Academia is, of course, a key constituency of the Democratic Party, and DEI, the issue that precipitated Ryan’s resignation, is inseparable from the social-justice vision of “equity” that animates most Democrats. Fearing a Trump- and Youngkin-orchestrated reversal of DEI across Virginia’s entire public education system, state Senate leadership is treating Ryan’s departure as an existential threat.
Governors and lawmakers alike are meddling like never before in the affairs of higher ed, not just nationally, as seen in the Trump administration’s attack on Harvard, but here in Virginia. Here in the Old Dominion power is distributed fairly evenly between Republicans, who dominate the three statewide offices, and Democrats, who control both houses of the General Assembly. This fall’s election could change the balance of power. But it’s hard to imagine any scenario in which the battle over higher ed miraculously becomes depoliticized.
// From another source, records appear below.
lemma inj_on_twisted_char: "inj_on twisted_char row_chars"
proof
  fix \<psi>1 \<psi>2 assume \<psi>1: "\<psi>1 \<in> row_chars" and \<psi>2: "\<psi>2 \<in> row_chars" and eq: "twisted_char \<psi>1 = twisted_char \<psi>2"
  have central: "central_part \<psi>1 = central_part \<psi>2"
    using eq twisted_char_central[OF \<psi>1] twisted_char_central[OF \<psi>2] by (metis ext)
  show "\<psi>1 = \<psi>2"
  proof
    fix u :: "nat \<Rightarrow> 'a"
    let ?a = "col_elt u (u 0)"
    have col: "last_col ?a i = u i" if "i < k+1" for i
      using that by (cases "i = 0") (auto simp: last_col_heis_mat)
    let ?L = "lift_central (central_part \<psi>1) (col_elt (last_col ?a) 0)"
    have "?L \<noteq> 0" by (rule chars_nonzero[OF lift_central_row_chars(1)[OF \<psi>1] col_elt_in_col_group])
    moreover have "?L * \<psi>1 (last_col ?a) = ?L * \<psi>2 (last_col ?a)"
      using fun_cong[OF eq, of ?a] central col_elt_in_col_group by (simp add: twisted_char_def)
    ultimately have "\<psi>1 (last_col ?a) = \<psi>2 (last_col ?a)" by simp
    then show "\<psi>1 u = \<psi>2 u" using row_chars_cong[OF \<psi>1 col] row_chars_cong[OF \<psi>2 col] by simp
  qed
qed

lemma card_row_chars_le: "card row_chars \<le> d"
proof -
  have "card row_chars \<le> card chars"
    using card_inj_on_le[OF inj_on_twisted_char _ finite_chars] twisted_char_in_chars by blast
  then show ?thesis using card_chars_le by simp
qed

definition row_act :: "((nat \<Rightarrow> 'a) \<Rightarrow> complex) \<Rightarrow> 'a mat \<Rightarrow> (nat \<Rightarrow> 'a) \<Rightarrow> complex" where
  "row_act \<psi> g = (\<lambda>u. \<psi> (\<lambda>i. \<Sum>j<k+1. g $$ (i,j) * u j))"

definition row_cocycle :: "((nat \<Rightarrow> 'a) \<Rightarrow> complex) \<Rightarrow> 'a mat \<Rightarrow> complex" where
  "row_cocycle \<psi> g = \<psi> (last_col g)"

lemma row_act_closed:
  assumes \<psi>: "\<psi> \<in> row_chars" and g: "g \<in> carrier (U_mat (k+2))"
  shows "row_act \<psi> g \<in> row_chars"
proof -
  obtain \<xi> w where \<xi>: "\<xi> \<in> chars" and w: "w \<in> normalized_rows" and \<psi>w: "\<psi> = row_char \<xi> w"
    using \<psi> unfolding row_chars_def by blast
  define wg where "wg j = (if j < k+1 then (\<Sum>i<k+1. w i * g $$ (i,j)) else 0)" for j
  have "(\<Sum>i\<in>{1..k}. w i * g $$ (i,0)) = 0" using U_matD(3)[OF g] by (intro sum.neutral) auto
  then have "wg 0 = 1"
    using U_matD(2)[OF g, of 0] w sum_lessThan_split_first[of "\<lambda>i. w i * g $$ (i,0)" k]
    by (simp add: wg_def normalized_rows_def)
  then have wg: "wg \<in> normalized_rows" by (auto simp: normalized_rows_def wg_def)
  have "(\<Sum>i<k+1. w i * (\<Sum>j<k+1. g $$ (i,j) * u j)) = (\<Sum>j<k+1. wg j * u j)" for u
  proof -
    have "(\<Sum>i<k+1. w i * (\<Sum>j<k+1. g $$ (i,j) * u j)) = (\<Sum>i<k+1. \<Sum>j<k+1. w i * g $$ (i,j) * u j)"
      by (simp only: sum_distrib_left mult.assoc)
    also have "\<dots> = (\<Sum>j<k+1. \<Sum>i<k+1. w i * g $$ (i,j) * u j)" by (rule sum.swap)
    also have "\<dots> = (\<Sum>j<k+1. wg j * u j)"
      by (rule sum.cong[OF refl]) (simp add: wg_def sum_distrib_right del: sum.lessThan_Suc)
    finally show ?thesis .
  qed
  then have "row_act \<psi> g = row_char \<xi> wg" by (simp add: row_act_def \<psi>w row_char_def del: sum.lessThan_Suc)
  then show ?thesis unfolding row_chars_def using \<xi> wg by blast
qed

lemma row_act_mult:
  assumes \<psi>: "\<psi> \<in> row_chars" and g: "g \<in> carrier (U_mat (k+2))" and h: "h \<in> carrier (U_mat (k+2))"
  shows "row_act \<psi> (g * h) = row_act (row_act \<psi> g) h"
proof
  fix u :: "nat \<Rightarrow> 'a"
  have "(\<Sum>j<k+1. (g * h) $$ (i,j) * u j) = (\<Sum>l<k+1. g $$ (i,l) * (\<Sum>j<k+1. h $$ (l,j) * u j))"
    if i: "i < k+1" for i
  proof -
    have "(\<Sum>j<k+1. (g * h) $$ (i,j) * u j) = (\<Sum>j<k+1. (\<Sum>l<k+1. g $$ (i,l) * h $$ (l,j)) * u j)"
      using U_mat_mult_index_block[of g "k+1" h i] g h i by (intro sum.cong) auto
    also have "\<dots> = (\<Sum>j<k+1. \<Sum>l<k+1. g $$ (i,l) * h $$ (l,j) * u j)"
      by (simp only: sum_distrib_right)
    also have "\<dots> = (\<Sum>l<k+1. \<Sum>j<k+1. g $$ (i,l) * h $$ (l,j) * u j)" by (rule sum.swap)
    finally show ?thesis by (simp only: sum_distrib_left mult.assoc)
  qed
  then show "row_act \<psi> (g * h) u = row_act (row_act \<psi> g) h u"
    unfolding row_act_def by (intro row_chars_cong[OF \<psi>]) simp
qed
Who would want to become UVA president under such circumstances? Who would uproot themselves to take a job that could be snatched away a few months later? I can’t imagine anyone signing up for the job until the dust settles from the November election. In that way, Surovell’s warning to UVA’s board to defer picking a president, was a brilliant stroke politically. From a policy standpoint, Ryan’s departure may not prove to bring about much change at all.
James A. Bacon serves on the board of the Jefferson Council. The opinions expressed here are his alone.